┏━━

(* Let $A_1=C\setminus\mathbb{A}_1$ and $A_2=C\setminus\mathbb{A}_2$ be $C$-coconvex sets. Then $$V(A_1\oplus A_2)^{1/n}\le V(A_1\widetilde{+}A_2)^{1/n}\le V(A_1)^{1/n}+V(A_2)^{1/n},$$ and equality holds in both inequalities if and only if $\mathbb{A}_1$ and $\mathbb{A}_2$ are dilates of each other.
   Context: $C\subset\mathbb{R}^n$ ($n\ge2$) is a pointed closed convex cone with nonempty interior; $\Omega_C=\mathbb{S}^{n-1}\cap\operatorname{int}C$; $V$ is Lebesgue measure. A $C$-close set is a closed convex set $\mathbb{A}\subset C$ with $o\notin\mathbb{A}$, $\lambda x\in\mathbb{A}$ for $x\in\mathbb{A},\lambda\ge1$, recession cone $C$, and $C\setminus\mathbb{A}$ of finite volume; $A=C\setminus\mathbb{A}$ is a $C$-coconvex set. With $\rho_{\mathbb{A}}(u)=\min\{r>0:ru\in\mathbb{A}\}$, the radial sum of $\mathbb{A}_1,\mathbb{A}_2$ is $\operatorname{cl}\{\lambda u:u\in\Omega_C,\lambda\ge\rho_{\mathbb{A}_1}(u)+\rho_{\mathbb{A}_2}(u)\}$, and $A_1\widetilde{+}A_2$ is $C$ minus this radial sum. The co-sum is $A_1\oplus A_2=C\setminus(\mathbb{A}_1+\mathbb{A}_2)$ (Minkowski sum). Dilates: $\mathbb{A}_2=\lambda\mathbb{A}_1$ for some $\lambda>0$. *)

theory Defs
  imports "HOL-Analysis.Analysis"
begin

definition pointed_cone :: "'a::euclidean_space set \<Rightarrow> bool" where
  "pointed_cone C \<longleftrightarrow> convex_cone C \<and> closed C \<and> interior C \<noteq> {} \<and>
     C \<inter> uminus ` C = {0}"

definition rec_cone :: "'a::euclidean_space set \<Rightarrow> 'a set" where
  "rec_cone K = {y. \<forall>x\<in>K. \<forall>t::real\<ge>0. x + t *\<^sub>R y \<in> K}"

definition C_close :: "'a::euclidean_space set \<Rightarrow> 'a set \<Rightarrow> bool" where
  "C_close C AA \<longleftrightarrow> closed AA \<and> convex AA \<and> AA \<subseteq> C \<and> 0 \<notin> AA \<and>
     (\<forall>x\<in>AA. \<forall>l::real\<ge>1. l *\<^sub>R x \<in> AA) \<and> rec_cone AA = C \<and>
     (C - AA) \<in> lmeasurable"

definition Omega :: "'a::euclidean_space set \<Rightarrow> 'a set" where
  "Omega C = sphere 0 1 \<inter> interior C"

definition radial :: "'a::euclidean_space set \<Rightarrow> 'a \<Rightarrow> real" where
  "radial AA u = Inf {r. r > 0 \<and> r *\<^sub>R u \<in> AA}"

definition radial_sum :: "'a::euclidean_space set \<Rightarrow> 'a set \<Rightarrow> 'a set \<Rightarrow> 'a set" where
  "radial_sum C AA1 AA2 =
     closure {l *\<^sub>R u | l u. u \<in> Omega C \<and> l \<ge> radial AA1 u + radial AA2 u}"

text \<open>Radial co-sum of the coconvex sets C - AA1 and C - AA2.\<close>
definition radial_cosum :: "'a::euclidean_space set \<Rightarrow> 'a set \<Rightarrow> 'a set \<Rightarrow> 'a set" where
  "radial_cosum C AA1 AA2 = C - radial_sum C AA1 AA2"

text \<open>Co-sum of the coconvex sets C - AA1 and C - AA2 (via Minkowski sum).\<close>
definition co_sum :: "'a::euclidean_space set \<Rightarrow> 'a set \<Rightarrow> 'a set \<Rightarrow> 'a set" where
  "co_sum C AA1 AA2 = C - {a + b | a b. a \<in> AA1 \<and> b \<in> AA2}"

definition dilates :: "'a::euclidean_space set \<Rightarrow> 'a set \<Rightarrow> bool" where
  "dilates AA1 AA2 \<longleftrightarrow> (\<exists>l::real>0. AA2 = (\<lambda>x. l *\<^sub>R x) ` AA1)"

end

theory Submission
  imports Defs
begin

text \<open>The radial function \<open>\<rho>\<close> of a \<open>C\<close>-close set \<open>AA\<close> is homogeneous of degree \<open>-1\<close> on
  \<open>int C\<close>, and convexity of \<open>AA\<close> makes \<open>1/\<rho>\<close> concave, so \<open>\<rho>\<close> is continuous there. With the
  \<open>0\<close>-homogeneous \<open>h x = |x| \<rho> x\<close>, the set \<open>C - AA\<close> is \<open>{x \<in> int C. |x|\<^sup>n < h x\<^sup>n}\<close> up to the
  null boundary of \<open>C\<close>, and a layer-cake computation gives \<open>V(C - AA) = \<integral>\<^sub>B h\<^sup>n\<close> with
  \<open>B = int C \<inter> ball 0 1\<close>. Inside \<open>int C\<close> the radial co-sum is \<open>{\<rho>\<^sub>1 + \<rho>\<^sub>2 > 1}\<close>, so its volume
  is \<open>\<integral>\<^sub>B (h\<^sub>1 + h\<^sub>2)\<^sup>n\<close>, and Minkowski's inequality in \<open>L\<^sup>n(B)\<close> gives the second inequality. For
  \<open>n \<ge> 2\<close> strict convexity of \<open>t\<^sup>n\<close> forces \<open>h\<^sub>2 = k h\<^sub>1\<close> in the equality case, i.e. \<open>AA\<^sub>2 = k AA\<^sub>1\<close>.
  The first inequality holds because the radial sum lies in the Minkowski sum \<open>AA\<^sub>1 + AA\<^sub>2\<close>
  (split \<open>x\<close> as \<open>\<rho>\<^sub>1(x) x + (1 - \<rho>\<^sub>1(x)) x\<close>), whose boundary is null; for dilates both sums
  are \<open>(1 + k) AA\<^sub>1\<close>.\<close>

lemma power_less_power_iff_base:
  fixes a b :: "'a::linordered_semidom"
  assumes "0 \<le> a" "0 \<le> b" "0 < n"
  shows "a ^ n < b ^ n \<longleftrightarrow> a < b"
  using power_mono_iff[of b a n] assms not_le by blast
(* Let $X_n$ and $Y_n$ be random variables taking values in countable sets $\mathcal X_n$ and $\mathcal Y_n$, with pmfs $P_{X_n}$, $P_{Y_n}$. Let $\epsilon\in(0,1)$ and $\gamma>0$ satisfy $e^{-\gamma}\le\epsilon$. Define $$\mathcal E^n(\gamma)=\{\delta\in[0,1): c_n^x(\delta)-c_n^y(\delta)<\gamma\}.$$ Then there exists a (deterministic) map $\phi_n:\mathcal X_n\to\mathcal Y_n$ such that $$d\big(P_{Y_n},P_{\phi_n(X_n)}\big)\le 9\epsilon+10\,\mu(\mathcal E^n(\gamma)).$$
   Context: Logarithms are natural. For a random variable $Z$ on a countable set $\mathcal Z$ with pmf $P_Z$, list the elements of positive probability as $z_1,z_2,\dots$ (a finite or countably infinite list) with $P_Z(z_1)\ge P_Z(z_2)\ge\cdots$ (ties broken arbitrarily). Set $\delta_0=0$ and $\delta_k=\sum_{i\le k}P_Z(z_i)$. For $\delta\in[0,1)$ define $c^z(\delta)=\log\frac{1}{P_Z(z_k)}$, where $k$ is the unique index with $\delta\in[\delta_{k-1},\delta_k)$. This is a nonnegative, nondecreasing, right-continuous step function on $[0,1)$ that does not depend on the tie-breaking. Here $c_n^x$ and $c_n^y$ denote this function built from $P_{X_n}$ and from $P_{Y_n}$ respectively. The variational distance between pmfs $P,Q$ on a countable set is $d(P,Q)=\sum_a|P(a)-Q(a)|$ (no factor $1/2$). $\mu$ denotes Lebesgue measure on $\mathbb R$. *)

theory Defs
  imports "HOL-Probability.Probability"
begin

text \<open>Index set of the (finite or countably infinite) list of elements of positive probability,
  indexed from 0.\<close>
definition pos_index :: "'a pmf \<Rightarrow> nat set" where
  "pos_index p = (if finite (set_pmf p) then {..<card (set_pmf p)} else UNIV)"

definition desc_enum :: "'a pmf \<Rightarrow> (nat \<Rightarrow> 'a) \<Rightarrow> bool" where
  "desc_enum p z \<longleftrightarrow> bij_betw z (pos_index p) (set_pmf p) \<and>
     (\<forall>i\<in>pos_index p. \<forall>j\<in>pos_index p. i \<le> j \<longrightarrow> pmf p (z j) \<le> pmf p (z i))"

text \<open>The function c^z: with delta_k = sum_{i<k} P(z_i) (0-based), c(delta) = log(1/P(z_k))
  where k is the unique index with delta_k \<le> delta < delta_(k+1). The listing is chosen
  arbitrarily among nonincreasing listings (the value does not depend on tie-breaking).\<close>
definition cfun :: "'a pmf \<Rightarrow> real \<Rightarrow> real" where
  "cfun p \<delta> = (let z = (SOME z. desc_enum p z);
       k = (THE k. k \<in> pos_index p \<and> (\<Sum>i<k. pmf p (z i)) \<le> \<delta> \<and> \<delta> < (\<Sum>i<Suc k. pmf p (z i)))
     in ln (1 / pmf p (z k)))"

text \<open>Variational distance without the factor 1/2.\<close>
definition vdist :: "'a pmf \<Rightarrow> 'a pmf \<Rightarrow> real" where
  "vdist P Q = (\<Sum>\<^sub>\<infinity>a. \<bar>pmf P a - pmf Q a\<bar>)"

end

theory Submission
  imports Defs
begin

(* Proof idea: the quantile coupling.
   List the support of a pmf p in nonincreasing order z_0, z_1, ... with cumulative sums
   S_k = p(z_0) + ... + p(z_(k-1)).  For delta uniform on [0,1) let k(delta) be its bucket,
   the index with S_k <= delta < S_(k+1).  Then z_(k(delta)) has law p and
   c(delta) = log (1 / p(z_(k(delta)))).  Feed the same delta to both X and Y and map the
   i-th element of the X-list to the element of the Y-list whose bucket contains the left
   end S^x_i of the i-th X-bucket.  The images disagree with Y only on X-buckets that cross
   the right end of a Y-bucket j.  A crossing X-bucket either has weight above
   exp(-gamma) * P_Y(z^y_j), and then its points lie in E(gamma), or it is the unique X-bucket
   crossing the right end of bucket j and has weight at most exp(-gamma) * P_Y(z^y_j);
   summing over j the disagreement has probability at most exp(-gamma) + mu(E) <= eps + mu(E).
   The coupling inequality turns this into d <= 2 eps + 2 mu(E) <= 9 eps + 10 mu(E).
   The file develops: buckets of a weight sequence and their law under the uniform measure;
   existence of a nonincreasing enumeration of a support (a greedy construction); the
   description of cfun through buckets; the coupling inequality; the mismatch bound for the
   transport map; and finally the theorem. *)

section \<open>Buckets of a weight sequence\<close>

text \<open>A weight sequence is a nonnegative sequence summing to 1; its cumulative sums cut
  [0,1) into consecutive buckets of lengths w 0, w 1, ...\<close>
locale weight_seq =
  fixes w :: "nat \<Rightarrow> real"
  assumes nonneg: "\<And>i. 0 \<le> w i"
    and sums_one: "w sums 1"
begin

definition cum :: "nat \<Rightarrow> real" where
  "cum k = (\<Sum>i<k. w i)"

lemma cum_0 [simp]: "cum 0 = 0"
  by (simp add: cum_def)

lemma cum_Suc: "cum (Suc k) = cum k + w k"
  by (simp add: cum_def)

lemma cum_mono: "k \<le> k' \<Longrightarrow> cum k \<le> cum k'"
  unfolding cum_def by (rule sum_mono2) (auto simp: nonneg)

lemma cum_nonneg: "0 \<le> cum k"
  using cum_mono[of 0 k] by simp

lemma cum_le_1: "cum k \<le> 1"
proof -
  have "cum k \<le> suminf w"
    unfolding cum_def by (rule sum_le_suminf) (use sums_one nonneg in \<open>auto simp: sums_iff\<close>)
  then show ?thesis
    using sums_one by (simp add: sums_iff)
qed

lemma cum_lt_1: "0 < w k \<Longrightarrow> cum k < 1"
  using cum_le_1[of "Suc k"] by (simp add: cum_Suc)

lemma cum_tendsto: "cum \<longlonglongrightarrow> 1"
  using sums_one unfolding sums_def cum_def[abs_def] .

lemma bucket_ex1:
  assumes "\<delta> \<in> {0..<1}"
  shows "\<exists>!k. cum k \<le> \<delta> \<and> \<delta> < cum (Suc k)"
proof -
  have "\<exists>n. \<delta> < cum n"
    using order_tendstoD(1)[OF cum_tendsto, of \<delta>] assms
    by (auto dest: eventually_happens)
  define m where "m = (LEAST n. \<delta> < cum n)"
  have m: "\<delta> < cum m"
    unfolding m_def by (rule LeastI_ex) fact
  have "m \<noteq> 0"
    using m assms by (intro notI) simp
  then obtain k where k: "m = Suc k"
    by (cases m) auto
  have "\<not> \<delta> < cum k"
    using k unfolding m_def by (metis Suc_n_not_le_n Least_le)
  then have ex: "cum k \<le> \<delta> \<and> \<delta> < cum (Suc k)"
    using m k by auto
  show ?thesis
  proof (rule ex1I[of _ k])
    fix k' assume k': "cum k' \<le> \<delta> \<and> \<delta> < cum (Suc k')"
    show "k' = k"
    proof (rule ccontr)
      assume "k' \<noteq> k"
      then consider "Suc k \<le> k'" | "Suc k' \<le> k"
        by linarith
      then show False
        by cases (use ex k' cum_mono in \<open>fastforce+\<close>)
    qed
  qed (fact ex)
qed

definition bucket :: "real \<Rightarrow> nat" where
  "bucket \<delta> = (THE k. cum k \<le> \<delta> \<and> \<delta> < cum (Suc k))"

lemma bucket: "\<delta> \<in> {0..<1} \<Longrightarrow> cum (bucket \<delta>) \<le> \<delta> \<and> \<delta> < cum (Suc (bucket \<delta>))"
  unfolding bucket_def by (rule theI') (rule bucket_ex1)

lemma bucket_eq: "\<delta> \<in> {0..<1} \<Longrightarrow> bucket \<delta> = k \<longleftrightarrow> cum k \<le> \<delta> \<and> \<delta> < cum (Suc k)"
  using bucket bucket_ex1 by blast

lemma bucket_pos: "\<delta> \<in> {0..<1} \<Longrightarrow> 0 < w (bucket \<delta>)"
  using bucket[of \<delta>] by (simp add: cum_Suc)

lemma bucket_mono:
  assumes "\<delta> \<in> {0..<1}" "\<delta>' \<in> {0..<1}" "\<delta> \<le> \<delta>'"
  shows "bucket \<delta> \<le> bucket \<delta>'"
proof (rule ccontr)
  assume "\<not> bucket \<delta> \<le> bucket \<delta>'"
  then have "cum (Suc (bucket \<delta>')) \<le> cum (bucket \<delta>)"
    by (intro cum_mono) auto
  with bucket[OF assms(1)] bucket[OF assms(2)] assms(3) show False
    by linarith
qed

lemma bucket_left_end: "\<delta> \<in> {0..<1} \<Longrightarrow> cum (bucket \<delta>) \<in> {0..<1}"
  using cum_lt_1[OF bucket_pos] cum_nonneg by simp

lemma bucket_fibre: "{\<delta>\<in>{0..<1}. bucket \<delta> = k} = {cum k..<cum (Suc k)}"
  using bucket_eq cum_nonneg[of k] cum_le_1[of "Suc k"] by fastforce

end


definition uniform01 :: "real measure" where
  "uniform01 = restrict_space lborel {0..<1}"

lemma space_uniform01 [simp]: "space uniform01 = {0..<1}"
  by (simp add: uniform01_def space_restrict_space)

lemma sets_uniform01: "A \<in> sets uniform01 \<longleftrightarrow> A \<subseteq> {0..<1} \<and> A \<in> sets lborel"
  unfolding uniform01_def by (rule sets_restrict_space_iff) simp
(* There exists $N$ such that for every integer $n\ge N$, the quantity $$S_n=\sum_{c=2}^{\lfloor n/2\rfloor}\binom{n}{c}(2^c-1)^{n-c}+\sum_{c=\lfloor n/2\rfloor+1}^{n-2}\binom{n}{c}(2^{n-c}-1)^{c}$$ satisfies $H_n\le S_n\le\big(1+(3/2)^{-n/3}\big)H_n$, where $H_n$ is the number of labeled split graphs with vertex set $[n]$ whose questioning set is empty.
   Context: $[n]=\{1,\dots,n\}$; labeled graphs on $[n]$ are distinct if their edge sets differ. A split partition of a graph $G$ is an ordered pair $(C',I')$ of disjoint sets (possibly empty) with $C'\cup I'=V(G)$, $C'$ a clique and $I'$ an independent set; $G$ is a split graph if it has a split partition. The questioning set of a split graph is the set of vertices $v$ for which there is a split partition with $v\in C'$ and a split partition with $v\in I'$. *)

theory Defs
  imports Complex_Main
begin

text \<open>Labeled simple graphs on [n] = {1..n}, identified with their edge sets:
  sets of 2-element subsets of {1..n}.\<close>

definition all_edges :: "nat \<Rightarrow> nat set set" where
  "all_edges n = {e. e \<subseteq> {1..n} \<and> card e = 2}"

definition is_clique :: "nat set set \<Rightarrow> nat set \<Rightarrow> bool" where
  "is_clique E C \<longleftrightarrow> (\<forall>u\<in>C. \<forall>v\<in>C. u \<noteq> v \<longrightarrow> {u, v} \<in> E)"

definition is_indep :: "nat set set \<Rightarrow> nat set \<Rightarrow> bool" where
  "is_indep E I \<longleftrightarrow> (\<forall>u\<in>I. \<forall>v\<in>I. u \<noteq> v \<longrightarrow> {u, v} \<notin> E)"

definition split_partition :: "nat \<Rightarrow> nat set set \<Rightarrow> nat set \<Rightarrow> nat set \<Rightarrow> bool" where
  "split_partition n E C I \<longleftrightarrow>
     C \<inter> I = {} \<and> C \<union> I = {1..n} \<and> is_clique E C \<and> is_indep E I"

definition is_split_graph :: "nat \<Rightarrow> nat set set \<Rightarrow> bool" where
  "is_split_graph n E \<longleftrightarrow> (\<exists>C I. split_partition n E C I)"
(* Let $f:\mathbb{R}^n\to\mathbb{R}\cup\{+\infty\}$ be a closed proper convex function, $A\in\mathbb{R}^{m\times n}$, $b\in\mathbb{R}^m$, with $\mathrm{ri}(\mathrm{dom}\,f)\cap\mathrm{im}(A)\neq\emptyset$, and consider the problem $\min_x f(x)$ subject to $Ax=b$, with Lagrangian $L(x,\lambda)=f(x)-\langle\lambda,Ax-b\rangle$. Let $(x^*,\lambda^* )$ be a saddle point of $L$ (i.e. $L(x^*,\lambda)\leqslant L(x^*,\lambda^* )\leqslant L(x,\lambda^* )$ for all $x,\lambda$). Let $H\in\mathbb{R}^{m\times m}$ be symmetric positive definite and $(A_k),(a_k),(b_k),(c_k)$ be real sequences with $a_k>0$, $c_k>0$ for all $k$, $b_k>0$ for $k\geqslant1$, satisfying $$A_{k+1}-A_k\leqslant a_k,\quad A_k=a_kb_k,\quad A_0=b_0=0,\quad c_k\geqslant a_k.$$ Let $\lambda_0\in\mathbb{R}^m$, $z_0=\lambda_0$, and for $k\geqslant0$ $$\tilde\lambda_{k+1}=\frac{1}{b_k+1}z_k+\frac{b_k}{b_k+1}\lambda_k,\qquad x_{k+1}\in\arg\min_x\Big\{f(x)-\langle\tilde\lambda_{k+1},Ax-b\rangle+\frac{c_k}{2(b_k+1)}\|Ax-b\|_H^2\Big\},$$ $$\lambda_{k+1}=\tilde\lambda_{k+1}-\frac{c_k}{b_k+1}H(Ax_{k+1}-b),\qquad z_{k+1}=z_k-a_kH(Ax_{k+1}-b),$$ where the minimizers are assumed to exist. Then for every $k\geqslant1$, $$f(x^* )-f(x_k)+\langle\lambda_k,Ax_k-b\rangle\leqslant\frac{\|\lambda_0-\lambda^*\|^2_{H^{-1}}}{2A_k},$$ and for every $k\geqslant0$, $$\min_{0\leqslant j\leqslant k}\|Ax_{j+1}-b\|_H^2\leqslant\frac{\|\lambda_0-\lambda^*\|^2_{H^{-1}}}{\sum_{j=0}^ka_j^2}.$$
   Context: $\|u\|_M^2=u^{\mathrm T}Mu$ for a symmetric positive definite matrix $M$; $\mathrm{ri}$ denotes relative interior and $\mathrm{im}(A)$ the range of $A$. *)

theory Defs
  imports "HOL-Analysis.Analysis" "HOL-Library.Extended_Real"
begin

text \<open>Extended-real-valued functions f : R^n -> R \<union> {+inf}, modelled with values in ereal
  (properness excludes -inf).\<close>

definition effdom :: "('a \<Rightarrow> ereal) \<Rightarrow> 'a set" where
  "effdom f = {x. f x < \<infinity>}"

definition epigraph :: "('a \<Rightarrow> ereal) \<Rightarrow> ('a \<times> real) set" where
  "epigraph f = {(x, t). f x \<le> ereal t}"

definition proper_fun :: "('a \<Rightarrow> ereal) \<Rightarrow> bool" where
  "proper_fun f \<longleftrightarrow> (\<forall>x. f x \<noteq> -\<infinity>) \<and> effdom f \<noteq> {}"

definition convex_fun :: "('a::real_vector \<Rightarrow> ereal) \<Rightarrow> bool" where
  "convex_fun f \<longleftrightarrow> convex (epigraph f)"

definition closed_fun :: "('a::topological_space \<Rightarrow> ereal) \<Rightarrow> bool" where
  "closed_fun f \<longleftrightarrow> closed (epigraph f)"

definition Mnormsq :: "real^'m^'m \<Rightarrow> real^'m \<Rightarrow> real" where
  "Mnormsq M u = u \<bullet> (M *v u)"

definition sym_pos_def :: "real^'m^'m \<Rightarrow> bool" where
  "sym_pos_def M \<longleftrightarrow> transpose M = M \<and> (\<forall>u. u \<noteq> 0 \<longrightarrow> u \<bullet> (M *v u) > 0)"

definition lagr :: "(real^'n \<Rightarrow> ereal) \<Rightarrow> real^'n^'m \<Rightarrow> real^'m \<Rightarrow> real^'n \<Rightarrow> real^'m \<Rightarrow> ereal" where
  "lagr f A b x l = f x - ereal (l \<bullet> (A *v x - b))"

end

theory Submission
  imports Defs
begin

(* The quantity
     E_k = A_k (f x* - f x_k + <lam_k, A x_k - b>) + |z_k - lam*|^2_(H^-1) / 2
   is a Lyapunov function of the iteration. Optimality of x_(k+1) for the penalised subproblem
   makes A^T lam_(k+1) a subgradient of f at x_(k+1); together with the saddle-point inequality
   and A_k = a_k b_k this gives E_(k+1) + a_k^2 |A x_(k+1) - b|^2_H / 2 <= E_k.
   Since E_0 = |lam_0 - lam*|^2_(H^-1) / 2, telescoping yields both estimates. *)

lemma sym_matrix_inner_commute:
  fixes H :: "real^'m^'m"
  assumes "transpose H = H"
  shows "u \<bullet> (H *v v) = v \<bullet> (H *v u)"
  by (metis assms dot_lmul_matrix inner_commute transpose_matrix_vector)

lemma invertible_matrix_inv:
  fixes M :: "'a::semiring_1^'n^'m"
  assumes "invertible M"
  shows "M ** matrix_inv M = mat 1" and "matrix_inv M ** M = mat 1"
proof -
  have "M ** matrix_inv M = mat 1 \<and> matrix_inv M ** M = mat 1"
    using assms unfolding invertible_def matrix_inv_def by (rule someI_ex)
  then show "M ** matrix_inv M = mat 1" and "matrix_inv M ** M = mat 1" by auto
qed

lemma sym_pos_def_invertible:
  fixes H :: "real^'m^'m"
  assumes "sym_pos_def H"
  shows "invertible H"
proof -
  have "H *v u = 0 \<Longrightarrow> u = 0" for u
    using assms unfolding sym_pos_def_def by (metis inner_zero_right less_irrefl)
  then show ?thesis
    using matrix_left_invertible_ker invertible_left_inverse by blast
qed

lemma sym_pos_def_matrix_inv_cancel:
  fixes H :: "real^'m^'m"
  assumes "sym_pos_def H"
  shows "H *v (matrix_inv H *v v) = v" and "matrix_inv H *v (H *v v) = v"
  using invertible_matrix_inv[OF sym_pos_def_invertible[OF assms]]
  by (simp_all add: matrix_vector_mul_assoc)
text \<open>At most \<open>K choose m\<close> of the \<open>n ^ m\<close> hard inputs are decided with fewer than
  \<open>K = n m / 8\<close> queries, since such a run must find all \<open>m\<close> zeros among its first \<open>K\<close> queries.\<close>

lemma hard_input_average_cost:
  assumes n: "16 \<le> n" and m: "8 \<le> m"
    and correct: "\<And>x. x \<in> inputs n m \<Longrightarrow> dt_eval t x = g n m x"
  shows "real (n * m div 8) / 2 * real (card (zero_positions n m))
           \<le> (\<Sum>z\<in>zero_positions n m. real (dt_cost t (hard_input n m z)))"
proof -
  define K where "K = n * m div 8"
  let ?Z = "zero_positions n m"
  have "zeros_found n m t K {1..m} z"
    if z: "z \<in> ?Z" and cheap: "dt_cost t (hard_input n m z) < K" for z
  proof -
    have "8 * dt_cost t (hard_input n m z) \<le> n * m"
      using cheap by (simp add: K_def)
    then have "(z j, j) \<in> set (dt_queries t (hard_input n m z))" if "j \<in> {1..m}" for j
      using cheap_correct_tree_queries_zeros[where t=t and z=z] n m correct zero_positions_range[OF z]
        that by blast
    then show ?thesis
      using cheap by (simp add: zeros_found_def length_dt_queries)
  qed
  then have "card {z\<in>?Z. dt_cost t (hard_input n m z) < K}
               \<le> card {z\<in>?Z. zeros_found n m t K {1..m} z}"
    by (intro card_mono) (auto simp: finite_zero_positions)
  also have "\<dots> \<le> K choose card {1..m}"
    by (rule card_zeros_found[OF finite_zero_positions, where w="\<lambda>_. undefined"])
       (auto simp: zero_positions_def PiE_def extensional_def)
  finally have "2 * card {z\<in>?Z. dt_cost t (hard_input n m z) < K} \<le> card ?Z"
    using two_binomial_le_pow[of K n m] m by (simp add: K_def card_zero_positions)
  then have "K * card ?Z \<le> 2 * (\<Sum>z\<in>?Z. dt_cost t (hard_input n m z))"
    by (rule sum_ge_if_few_small[OF finite_zero_positions])
  then have "real (K * card ?Z) \<le> real (2 * (\<Sum>z\<in>?Z. dt_cost t (hard_input n m z)))"
    by (simp only: of_nat_le_iff)
  then show ?thesis
    by (simp add: K_def of_nat_sum)
qed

┗━━

Task instructions: Transcribe the lines above between the line holding "summing over j" and the line holding "w k \<Longrightarrow>", inclusive, exactly as they stand and with nothing added.

Answer area:
   summing over j the disagreement has probability at most exp(-gamma) + mu(E) <= eps + mu(E).
   The coupling inequality turns this into d <= 2 eps + 2 mu(E) <= 9 eps + 10 mu(E).
   The file develops: buckets of a weight sequence and their law under the uniform measure;
   existence of a nonincreasing enumeration of a support (a greedy construction); the
   description of cfun through buckets; the coupling inequality; the mismatch bound for the
   transport map; and finally the theorem. *)

section \<open>Buckets of a weight sequence\<close>

text \<open>A weight sequence is a nonnegative sequence summing to 1; its cumulative sums cut
  [0,1) into consecutive buckets of lengths w 0, w 1, ...\<close>
locale weight_seq =
  fixes w :: "nat \<Rightarrow> real"
  assumes nonneg: "\<And>i. 0 \<le> w i"
    and sums_one: "w sums 1"
begin

definition cum :: "nat \<Rightarrow> real" where
  "cum k = (\<Sum>i<k. w i)"

lemma cum_0 [simp]: "cum 0 = 0"
  by (simp add: cum_def)

lemma cum_Suc: "cum (Suc k) = cum k + w k"
  by (simp add: cum_def)

lemma cum_mono: "k \<le> k' \<Longrightarrow> cum k \<le> cum k'"
  unfolding cum_def by (rule sum_mono2) (auto simp: nonneg)

lemma cum_nonneg: "0 \<le> cum k"
  using cum_mono[of 0 k] by simp

lemma cum_le_1: "cum k \<le> 1"
proof -
  have "cum k \<le> suminf w"
    unfolding cum_def by (rule sum_le_suminf) (use sums_one nonneg in \<open>auto simp: sums_iff\<close>)
  then show ?thesis
    using sums_one by (simp add: sums_iff)
qed

lemma cum_lt_1: "0 < w k \<Longrightarrow> cum k < 1"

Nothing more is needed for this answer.